Based predominantly on the Kaiser data, the American Academy of Pediatrics has made the following recommendations2:
All children 23 months and younger should receive the vaccine at 2, 4, 6, and 15 months
Doses of the vaccine may be administered concurrently with other childhood immunisations
All children 23 months and younger who have not received doses of the vaccine should be given catch-up doses
Children 24 to 59 months old who are at high risk and presumed high risk for invasive pneumococcal infection should receive the vaccine (high risk is defined as an attack rate of invasive pneumococcal disease >150/ 100 000 cases/year and includes children with sickle cell disease, splenic abnormalities, human immunodeficiency infection, primary immunodeficiency, and children receiving immunosuppressive treatment)

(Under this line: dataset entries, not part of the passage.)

definition p_split :: "dtprob \<Rightarrow> nat \<Rightarrow> real" where
  "p_split P d = alph P * (1 + real d) powr (- bet P)"

definition p_leaf :: "dtprob \<Rightarrow> nat \<Rightarrow> nat set \<Rightarrow> real" where
  "p_leaf P d I = (if splitvars P I = {} then 1 else 1 - p_split P d)"

definition p_inner :: "dtprob \<Rightarrow> nat \<Rightarrow> nat set \<Rightarrow> real" where
  "p_inner P d I = (if splitvars P I = {} then 0 else p_split P d / real (card (splitvars P I)))"

datatype node = OrN "nat set" nat | TermN "nat set" nat | AndN "nat set" nat nat

definition raw_edges :: "dtprob \<Rightarrow> (node \<times> node) set" where
  "raw_edges P =
     {(OrN I d, TermN I d) | I d. I \<noteq> {} \<and> I \<subseteq> {1..nS P} \<and> d \<le> nF P}
   \<union> {(OrN I d, AndN I d f) | I d f. I \<noteq> {} \<and> I \<subseteq> {1..nS P} \<and> d < nF P \<and> f \<in> splitvars P I}
   \<union> {(AndN I d f, OrN (restr P I f k) (Suc d)) | I d f k.
        I \<noteq> {} \<and> I \<subseteq> {1..nS P} \<and> d < nF P \<and> f \<in> splitvars P I}"

definition root :: "dtprob \<Rightarrow> node" where
  "root P = OrN {1..nS P} 0"

text \<open>Nodes of G: those reachable from the root (the root exists only if [N] is nonempty).\<close>
definition gnodes :: "dtprob \<Rightarrow> node set" where
  "gnodes P = {v. {1..nS P} \<noteq> {} \<and> (root P, v) \<in> (raw_edges P)\<^sup>*}"

definition gedges :: "dtprob \<Rightarrow> (node \<times> node) set" where
  "gedges P = {(v, w) \<in> raw_edges P. v \<in> gnodes P \<and> w \<in> gnodes P}"

fun is_or :: "node \<Rightarrow> bool" where
  "is_or (OrN _ _) = True" | "is_or _ = False"

fun is_and :: "node \<Rightarrow> bool" where
  "is_and (AndN _ _ _) = True" | "is_and _ = False"

fun ecost :: "dtprob \<Rightarrow> node \<Rightarrow> node \<Rightarrow> real" where
  "ecost P (OrN I d) (TermN _ _) =
     - ln (p_leaf P d I) - ln (l_leaf P (cnt P True I) (cnt P False I))"
| "ecost P (OrN I d) (AndN _ _ _) = - ln (p_inner P d I)"
| "ecost P _ _ = 0"

definition partial_solution :: "dtprob \<Rightarrow> node \<Rightarrow> node set \<Rightarrow> bool" where
  "partial_solution P u S \<longleftrightarrow>
     S \<subseteq> gnodes P \<and> u \<in> S \<and>
     (\<forall>v\<in>S. (u, v) \<in> (gedges P \<inter> (S \<times> S))\<^sup>*) \<and>
     (\<forall>a\<in>S. is_and a \<longrightarrow> (\<forall>w. (a, w) \<in> gedges P \<longrightarrow> w \<in> S)) \<and>
     (\<forall>v\<in>S. is_or v \<longrightarrow> (\<exists>!w. (v, w) \<in> gedges P \<and> w \<in> S))"

definition sol_cost :: "dtprob \<Rightarrow> node set \<Rightarrow> real" where
  "sol_cost P S = (\<Sum>e \<in> gedges P \<inter> (S \<times> S). ecost P (fst e) (snd e))"

definition fval_or :: "dtprob \<Rightarrow> node \<Rightarrow> real" where
  "fval_or P u = Min (sol_cost P ` {S. partial_solution P u S})"

fun fval :: "dtprob \<Rightarrow> node \<Rightarrow> real" where
  "fval P (OrN I d) = fval_or P (OrN I d)"
| "fval P (AndN I d f) =
     fval_or P (OrN (restr P I f False) (Suc d)) + fval_or P (OrN (restr P I f True) (Suc d))"
| "fval P (TermN _ _) = 0"

definition h_or :: "dtprob \<Rightarrow> nat set \<Rightarrow> nat \<Rightarrow> real" where
  "h_or P I d = - max (ln (l_leaf P (cnt P True I) (cnt P False I)))
                      (ln (p_split P d) + ln (l_leaf P (cnt P True I) 0) + ln (l_leaf P 0 (cnt P False I)))"

fun psh :: "dtprob \<Rightarrow> node \<Rightarrow> real" where
  "psh P (TermN _ _) = 0"
| "psh P (OrN I d) = h_or P I d"
| "psh P (AndN I d f) = h_or P (restr P I f False) (Suc d) + h_or P (restr P I f True) (Suc d)"

end

theory Submission
  imports Defs
begin

(*
  Let G(I) = -log l(c1(I), 0) - log l(0, c0(I)) (perfect_split_cost) be the cost of the two pure
  leaves that a perfect split of the samples I by label would produce. The Beta recursion gives
  l(a, b) <= l(a, 0) l(0, b) and supermultiplicativity of l(-, 0) and l(0, -), so G(I) is at most
  the leaf cost of I and G is superadditive along splits. As all edge costs are nonnegative,
  induction on the depth shows that every partial solution rooted at o_{I,d} costs at least G(I).
  Such a solution either ends in the leaf t_{I,d}, costing at least -log l(c1, c0), or splits,
  paying at least -log p_split(d) for the split plus at least G(I) below it; h(o_{I,d}) is the
  smaller of these two bounds.
*)

lemma Beta_pos_real:
  fixes x y :: real
  assumes "x > 0" "y > 0"
  shows "Beta x y > 0"
  using assms by (simp add: Beta_def)

lemma Beta_add_nat_left:
  fixes x y :: real
  assumes "x > 0" "y > 0"
  shows "Beta (x + real n) y = Beta x y * (\<Prod>j<n. (x + real j) / (x + y + real j))"
proof (induction n)
  case (Suc n)
  have "x + real n \<notin> \<int>\<^sub>\<le>\<^sub>0" using assms by auto
  from Beta_plus1_left[OF this, of y]
  have "Beta (x + real (Suc n)) y = (x + real n) / (x + y + real n) * Beta (x + real n) y"
    using assms by (simp add: field_simps)
  with Suc.IH show ?case by simp
qed simp

lemma Beta_add_nat_right:
  fixes x y :: real
  assumes "x > 0" "y > 0"
  shows "Beta x (y + real n) = Beta x y * (\<Prod>j<n. (y + real j) / (x + y + real j))"
  using Beta_add_nat_left[OF assms(2,1), of n] by (simp add: Beta_commute add_ac)

lemma Beta_supermult_left:
  fixes x y :: real
  assumes "x > 0" "y > 0"
  shows "Beta (x + real a) y * Beta (x + real b) y \<le> Beta (x + real (a + b)) y * Beta x y"
proof -
  let ?B = "Beta (x + real a) y * Beta x y"
  have "(\<Prod>j<b. (x + real j) / (x + y + real j)) \<le> (\<Prod>j<b. (x + a + real j) / (x + a + y + real j))"
    using assms by (intro prod_mono) (auto simp: field_simps)
  then have "?B * (\<Prod>j<b. (x + real j) / (x + y + real j))
      \<le> ?B * (\<Prod>j<b. (x + a + real j) / (x + a + y + real j))"
    using Beta_pos_real[OF assms] Beta_pos_real[of "x + a" y] assms by (simp add: mult_left_mono)
  then show ?thesis
    using Beta_add_nat_left[OF assms, of b] Beta_add_nat_left[of "x + a" y b] assms
    by (simp add: add_ac mult_ac)
qed

lemma Beta_submult:
  fixes x y r :: real
  assumes "x > 0" "y > 0" "r \<ge> 0"
  shows "Beta (x + r) (y + real b) * Beta x y \<le> Beta (x + r) y * Beta x (y + real b)"
proof -
  have "(\<Prod>j<b. (y + real j) / (x + r + y + real j)) \<le> (\<Prod>j<b. (y + real j) / (x + y + real j))"
    using assms by (intro prod_mono) (auto intro!: divide_left_mono)
  then show ?thesis
    using Beta_add_nat_right[OF assms(1,2), of b] Beta_add_nat_right[of "x + r" y b] assms
      Beta_pos_real[of "x + r" y] Beta_pos_real[OF assms(1,2)]
    by (simp add: mult_left_mono)
qed

lemma cnt_restr_add:
  assumes "finite I"
  shows "cnt P k I = cnt P k (restr P I f False) + cnt P k (restr P I f True)"
proof -
  have "{i \<in> I. yv P i = k}
      = {i \<in> restr P I f False. yv P i = k} \<union> {i \<in> restr P I f True. yv P i = k}"
    by (auto simp: restr_def)
  then show ?thesis
    using assms unfolding cnt_def by (simp add: card_Un_disjoint restr_def disjoint_iff)
qed

definition perfect_split_cost :: "dtprob \<Rightarrow> nat set \<Rightarrow> real" where
  "perfect_split_cost P I = - ln (l_leaf P (cnt P True I) 0) - ln (l_leaf P 0 (cnt P False I))"

lemma h_or_eq_min:
  "h_or P I d = min (- ln (l_leaf P (cnt P True I) (cnt P False I)))
                    (- ln (p_split P d) + perfect_split_cost P I)"
  by (simp add: h_or_def perfect_split_cost_def)

locale tree_prior =
  fixes P :: dtprob
  assumes rho1_pos: "rho1 P > 0" and rho0_pos: "rho0 P > 0"
    and alph_pos: "0 < alph P" and alph_less_1: "alph P < 1" and bet_nonneg: "bet P \<ge> 0"
begin

lemma p_split_pos: "p_split P d > 0"
  using alph_pos by (simp add: p_split_def)

lemma p_split_less_1: "p_split P d < 1"
proof -
  have "(1 + real d) powr (- bet P) \<le> (1 + real d) powr 0"
    using bet_nonneg by (intro powr_mono) auto
  then have "alph P * (1 + real d) powr (- bet P) \<le> alph P"
    using alph_pos by (simp add: mult_left_le_one_le)
  then show ?thesis using alph_less_1 by (simp add: p_split_def)
qed

lemma p_leaf_pos_le_1: "0 < p_leaf P d I" "p_leaf P d I \<le> 1"
  using p_split_pos[of d] p_split_less_1[of d] by (simp_all add: p_leaf_def)

lemma p_inner_pos_le_p_split:
  assumes "splitvars P I \<noteq> {}"
  shows "0 < p_inner P d I" "p_inner P d I \<le> p_split P d"
proof -
  have "card (splitvars P I) \<ge> 1"
    using assms by (simp add: Suc_le_eq card_gt_0_iff splitvars_def)
  then show "0 < p_inner P d I" "p_inner P d I \<le> p_split P d"
    using assms p_split_pos[of d] by (simp_all add: p_inner_def divide_le_eq)
qed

Currently available data are inadequate to recommend use of the vaccine in children at moderate risk for invasive pneumococcal disease (moderate risk is defined as an attack rate of pneumococcal disease >20 cases/100 000 per year, and includes all children 24 to 25 months old; children 36 to 59 months old who attend out of home care; and children 36 to 59 months old who are Native American or African American.
Where do these recommendations leave clinicians in the USA? Essentially, it is recommended that the current birth cohort be immunised with the new pneumococcal vaccine and that practitioners provide catch-up doses to all children less than two years old, and those between two and five years old who are at high risk of pneumococcal disease. Each vaccination costs approximately $50–80, and thus the cost to vaccinate the 4 000 000 children born in the USA this year will be between $800 000 000 and $1 280 000 000.